Comparison of the temperament and character inventory (TCI) subitem scores among phenotypes assumed by CYP2D6 genotypes
| UM (n = 4) | EM (n = 262) | IM (n = 75) | PM (n = 1) | Significance | |
|---|---|---|---|---|---|
| Novelty seeking | 18.3 (16.7, 19.8) | 21.4 (20.9, 22.0) | 21.5 (20.4, 22.5) | 27 | NS |
| Harm avoidance | 19.3 (13.2, 25.3) | 19.8 (19.0, 20.6) | 20.0 (18.6, 21.2) | 17 | NS |
| Reward dependence | 17.5 (15.9, 19.1) | 14.7 (14.3, 15.1) | 15.5 (14.7, 16.2) | 15 | NS |
| Persistence | 4.8 (1.2, 8.3) | 4.4 (4.1, 4.6) | 4.2 (3.8, 4.6) | 7 | NS |
| Self-directedness | 32.0 (24.1, 40.0) | 26.1 (25.3, 26.9) | 26.8 (25.2, 28.4) | 27 | NS |
| Co-operativeness | 31.5 (27.3, 35.7) | 28.0 (27.4, 28.6) | 28.4 (27.2, 29.6) | 32 | NS |
| Self-transcendence | 7.8 (4.5, 11.0) | 10.7 (10.1, 11.3) | 9.6 (8.4, 10.7) | 13 | NS |
Data are mean (95% confidence interval); UM; ultra rapid metabolizer, EM, extensive metabolizer, IM; intermediate metabolizer, PM; poor metabolizer.

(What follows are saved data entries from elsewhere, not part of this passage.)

(* Let $E$ be a complex Banach lattice and let $A: E \supseteq D(A) \to E$ be a densely defined, closed, real linear operator. Let $u \in E_+$ and let $\varphi \in E'_+$ be strictly positive. Assume: (Domination) there are integers $m_1, m_2 \ge 0$ such that $D(A^{m_1}) \subseteq E_u$ and $D((A')^{m_2}) \subseteq (E')_\varphi$; (Spectral) there is $\lambda_0 \in \mathbb{R}$ which is a geometrically simple eigenvalue of $A$ and an eigenvalue of $A'$, such that $\ker(\lambda_0 - A)$ is spanned by a vector $v$ with $v \succeq u$, and $\ker(\lambda_0 - A')$ contains an element $\psi$ with $\psi \succeq \varphi$. Let $\mu_0$ be a real number in $\rho(A)$. (a) If $R(\mu_0,A)\succeq -u\otimes\varphi$, then $R(\mu_0,A)^n\succeq -u\otimes\varphi$ for all $n\in\mathbb{N}$. (b) If $R(\mu_0,A)\preceq u\otimes\varphi$, then $(-1)^{n-1}R(\mu_0,A)^n\preceq u\otimes\varphi$ for all $n\in\mathbb{N}$.
   Context: $E_{\mathbb{R}}$ denotes the real part of $E$. A linear operator $A$ is real if $D(A) = (D(A)\cap E_{\mathbb{R}}) + i(D(A)\cap E_{\mathbb{R}})$ and $A$ maps $D(A)\cap E_{\mathbb{R}}$ into $E_{\mathbb{R}}$. $R(\mu,A) = (\mu - A)^{-1}$. For real vectors, $v \succeq u$ means $v \ge cu$ for some $c>0$. For bounded real operators, $T\succeq S$ (equivalently $S\preceq T$) means $T - cS$ is positive for some $c>0$. $u\otimes\varphi$ is $f\mapsto\langle\varphi,f\rangle u$. $\varphi$ strictly positive: $\langle\varphi,f\rangle>0$ for all $0\ne f\in E_+$. $E_u = \{x : |x|\le cu \text{ for some } c\ge0\}$; $(E')_\varphi = \{x'\in E' : |x'|\le c\varphi \text{ for some } c\ge 0\}$. Geometrically simple: one-dimensional eigenspace. *)

theory Defs
  imports "HOL-Analysis.Analysis"
begin

definition lat_abs :: "'a::{lattice, uminus} \<Rightarrow> 'a" where
  "lat_abs x = sup x (- x)"

class banach_lattice = banach + ordered_real_vector + lattice +
  assumes lattice_norm: "sup x (- x) \<le> sup y (- y) \<Longrightarrow> norm x \<le> norm y"

section \<open>The complexification E = E_R + i E_R, modelled as pairs (real part, imaginary part)\<close>

text \<open>The topology is the product topology of E_R x E_R, which is the topology of
  the complex Banach lattice norm (the two norms are equivalent).\<close>

definition cJ :: "'a::real_vector \<times> 'a \<Rightarrow> 'a \<times> 'a" where
  "cJ z = (- snd z, fst z)"   \<comment> \<open>multiplication by the imaginary unit\<close>

definition cscale :: "complex \<Rightarrow> 'a::real_vector \<times> 'a \<Rightarrow> 'a \<times> 'a" where
  "cscale c z = Re c *\<^sub>R z + Im c *\<^sub>R cJ z"

definition creal :: "'a::real_vector \<Rightarrow> 'a \<times> 'a" where
  "creal x = (x, 0)"

definition Epos :: "('a::banach_lattice \<times> 'a) set" where
  "Epos = {creal x | x. 0 \<le> x}"

text \<open>Complex modulus |x + iy| = sup over t of (cos t x + sin t y); hence
  |z| <= w iff every element of that set is <= w.\<close>
definition cmod_le :: "'a::banach_lattice \<times> 'a \<Rightarrow> 'a \<Rightarrow> bool" where
  "cmod_le z w \<longleftrightarrow> (\<forall>t. cos t *\<^sub>R fst z + sin t *\<^sub>R snd z \<le> w)"

definition princ_ideal :: "'a::banach_lattice \<Rightarrow> ('a \<times> 'a) set" where
  "princ_ideal u = {z. \<exists>c\<ge>0. cmod_le z (c *\<^sub>R u)}"

definition clinear_on :: "('a::real_vector \<times> 'a) set \<Rightarrow> ('a \<times> 'a \<Rightarrow> 'a \<times> 'a) \<Rightarrow> bool" where
  "clinear_on D A \<longleftrightarrow> subspace D \<and> (\<forall>z\<in>D. cJ z \<in> D) \<and>
     (\<forall>z\<in>D. \<forall>w\<in>D. A (z + w) = A z + A w) \<and>
     (\<forall>z\<in>D. \<forall>r::real. A (r *\<^sub>R z) = r *\<^sub>R A z) \<and>
     (\<forall>z\<in>D. A (cJ z) = cJ (A z))"

definition bounded_clinear :: "('a::real_normed_vector \<times> 'a \<Rightarrow> 'a \<times> 'a) \<Rightarrow> bool" where
  "bounded_clinear T \<longleftrightarrow> bounded_linear T \<and> (\<forall>z. T (cJ z) = cJ (T z))"

definition cdual :: "('a::real_normed_vector \<times> 'a \<Rightarrow> complex) set" where
  "cdual = {f. bounded_linear f \<and> (\<forall>z. f (cJ z) = \<i> * f z)}"

definition closed_op :: "('a::real_normed_vector \<times> 'a) set \<Rightarrow> ('a \<times> 'a \<Rightarrow> 'a \<times> 'a) \<Rightarrow> bool" where
  "closed_op D A \<longleftrightarrow> closed {(z, A z) | z. z \<in> D}"

definition densely_defined :: "('a::real_normed_vector \<times> 'a) set \<Rightarrow> bool" where
  "densely_defined D \<longleftrightarrow> closure D = UNIV"

definition real_op :: "('a::real_vector \<times> 'a) set \<Rightarrow> ('a \<times> 'a \<Rightarrow> 'a \<times> 'a) \<Rightarrow> bool" where
  "real_op D A \<longleftrightarrow> D = {(x, y). creal x \<in> D \<and> creal y \<in> D} \<and>
     (\<forall>x. creal x \<in> D \<longrightarrow> snd (A (creal x)) = 0)"

fun dom_pow :: "'b set \<Rightarrow> 'b set \<Rightarrow> ('b \<Rightarrow> 'b) \<Rightarrow> nat \<Rightarrow> 'b set" where
  "dom_pow X D A 0 = X"
| "dom_pow X D A (Suc m) = {z \<in> D. A z \<in> dom_pow X D A m}"

definition adj_dom :: "('a::real_normed_vector \<times> 'a) set \<Rightarrow> ('a \<times> 'a \<Rightarrow> 'a \<times> 'a)
    \<Rightarrow> ('a \<times> 'a \<Rightarrow> complex) set" where
  "adj_dom D A = {x' \<in> cdual. \<exists>y'\<in>cdual. \<forall>f\<in>D. x' (A f) = y' f}"

definition adj :: "('a::real_normed_vector \<times> 'a) set \<Rightarrow> ('a \<times> 'a \<Rightarrow> 'a \<times> 'a)
    \<Rightarrow> ('a \<times> 'a \<Rightarrow> complex) \<Rightarrow> ('a \<times> 'a \<Rightarrow> complex)" where
  "adj D A x' = (THE y'. y' \<in> cdual \<and> (\<forall>f\<in>D. x' (A f) = y' f))"

definition dual_pos :: "('a::banach_lattice \<times> 'a \<Rightarrow> complex) \<Rightarrow> bool" where
  "dual_pos \<phi> \<longleftrightarrow> \<phi> \<in> cdual \<and> (\<forall>x\<ge>0. Im (\<phi> (creal x)) = 0 \<and> 0 \<le> Re (\<phi> (creal x)))"

definition strictly_pos :: "('a::banach_lattice \<times> 'a \<Rightarrow> complex) \<Rightarrow> bool" where
  "strictly_pos \<phi> \<longleftrightarrow> (\<forall>x. 0 \<le> x \<and> x \<noteq> 0 \<longrightarrow> Im (\<phi> (creal x)) = 0 \<and> 0 < Re (\<phi> (creal x)))"

text \<open>Principal ideal (E')_phi = {x' in E'. |x'| <= c phi for some c >= 0}, where the modulus
  in E' is |x'| = sup over t of (cos t Re x' + sin t Im x') in the dual order.\<close>
definition dual_princ_ideal :: "('a::banach_lattice \<times> 'a \<Rightarrow> complex) \<Rightarrow> ('a \<times> 'a \<Rightarrow> complex) set" where
  "dual_princ_ideal \<phi> = {x' \<in> cdual. \<exists>c\<ge>0. \<forall>t. \<forall>f\<ge>0.
      cos t * Re (x' (creal f)) + sin t * Im (x' (creal f)) \<le> c * Re (\<phi> (creal f))}"

definition vec_succeq :: "'a::banach_lattice \<times> 'a \<Rightarrow> 'a \<Rightarrow> bool" where
  "vec_succeq v u \<longleftrightarrow> snd v = 0 \<and> (\<exists>c>0. c *\<^sub>R u \<le> fst v)"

The number of CYP2D6 genotypes based on the number of mutated alleles was 109 (31.9%) for zero alleles, 157 (45.9%) for one allele, and 76 (22.2%) for two alleles, respectively. The number of mutated alleles for CYP2D6 did not differ with the scores of TCI for six factors except self-transcendence which differed significantly. (Table 2). Post hoc analysis showed a significant difference between 0 mutated allele vs. 1 mutated allele (P = 0.034). In subitem analyses, only RD3 (attachment) had significant difference in CYP2D6 genotype (P = 0.034).
Table 2.
Comparison of the temperament and character inventory (TCI) subitem scores among the number of mutated alleles for CYP2D6
| Number of mutated alleles | ||||
|---|---|---|---|---|
| 0 (n = 109) | 1 (n = 157) | 2 (n = 76) | Significance | |
| Novelty seeking | 21.2 (20.3, 22.1) | 21.6 (20.8, 22.3) | 21.5 (20.5, 22.6) | NS |
| Harm avoidance | 20.3 (19.1, 21.4) | 19.4 (18.5, 20.4) | 20.0 (18.7, 21.3) | NS |
| Reward dependence | 14.6 (13.9, 15.2) | 14.9 (14.4, 15.4) | 15.4 (14.7, 16.2) | NS |
| Persistence | 4.3 (3.9, 4.6) | 4.5 (4.2, 4.8) | 4.2 (3.8, 4.6) | NS |
| Self-directedness | 26.4 (25.2, 27.7) | 26.0 (25.0, 27.1) | 26.8 (25.2, 28.4) | NS |
| Co-operativeness | 27.8 (26.7, 28.8) | 28.2 (27.4, 29.0) | 28.5 (27.3, 29.7) | NS |
| Self-transcendence | 9.7 (8.9, 10.6) | 11.3 (10.5, 12.1) | 9.7 (8.6, 10.8) | P < 0.05 |
Data are mean (95% confidence interval).
Discussion
The results of this study showed that scores of TCI (novelty seeking, harm avoidance, reward dependence and persistence) were not different between CYP2D6 phenotypes, as assumed by CYP2D6 genotype in Japanese. There are three possibilities to explain these results. First, since we had only one PM in the present study, PM was not included in statistical analyses. In addition, four UMs were not enough to detect the difference. This is ascribable to a narrower variation of CYP2D6 activity than that in previous studies using Caucasians. Therefore, the relatively small difference in CYP2D6 activity in Japanese was not enough to detect differences in personality. Second, most of our subjects were medical students and medical staff. Although statistical analyses were not performed, it is possible that the characteristics of our subjects deviated and had small interindividual variability in personality trait. Last, although cross validation between the original TCI and its Japanese version was performed, there is a possibility that differences in religion or race between Caucasians and Asians may result in less sensitivity of detection, such that a cultural difference cannot be excluded.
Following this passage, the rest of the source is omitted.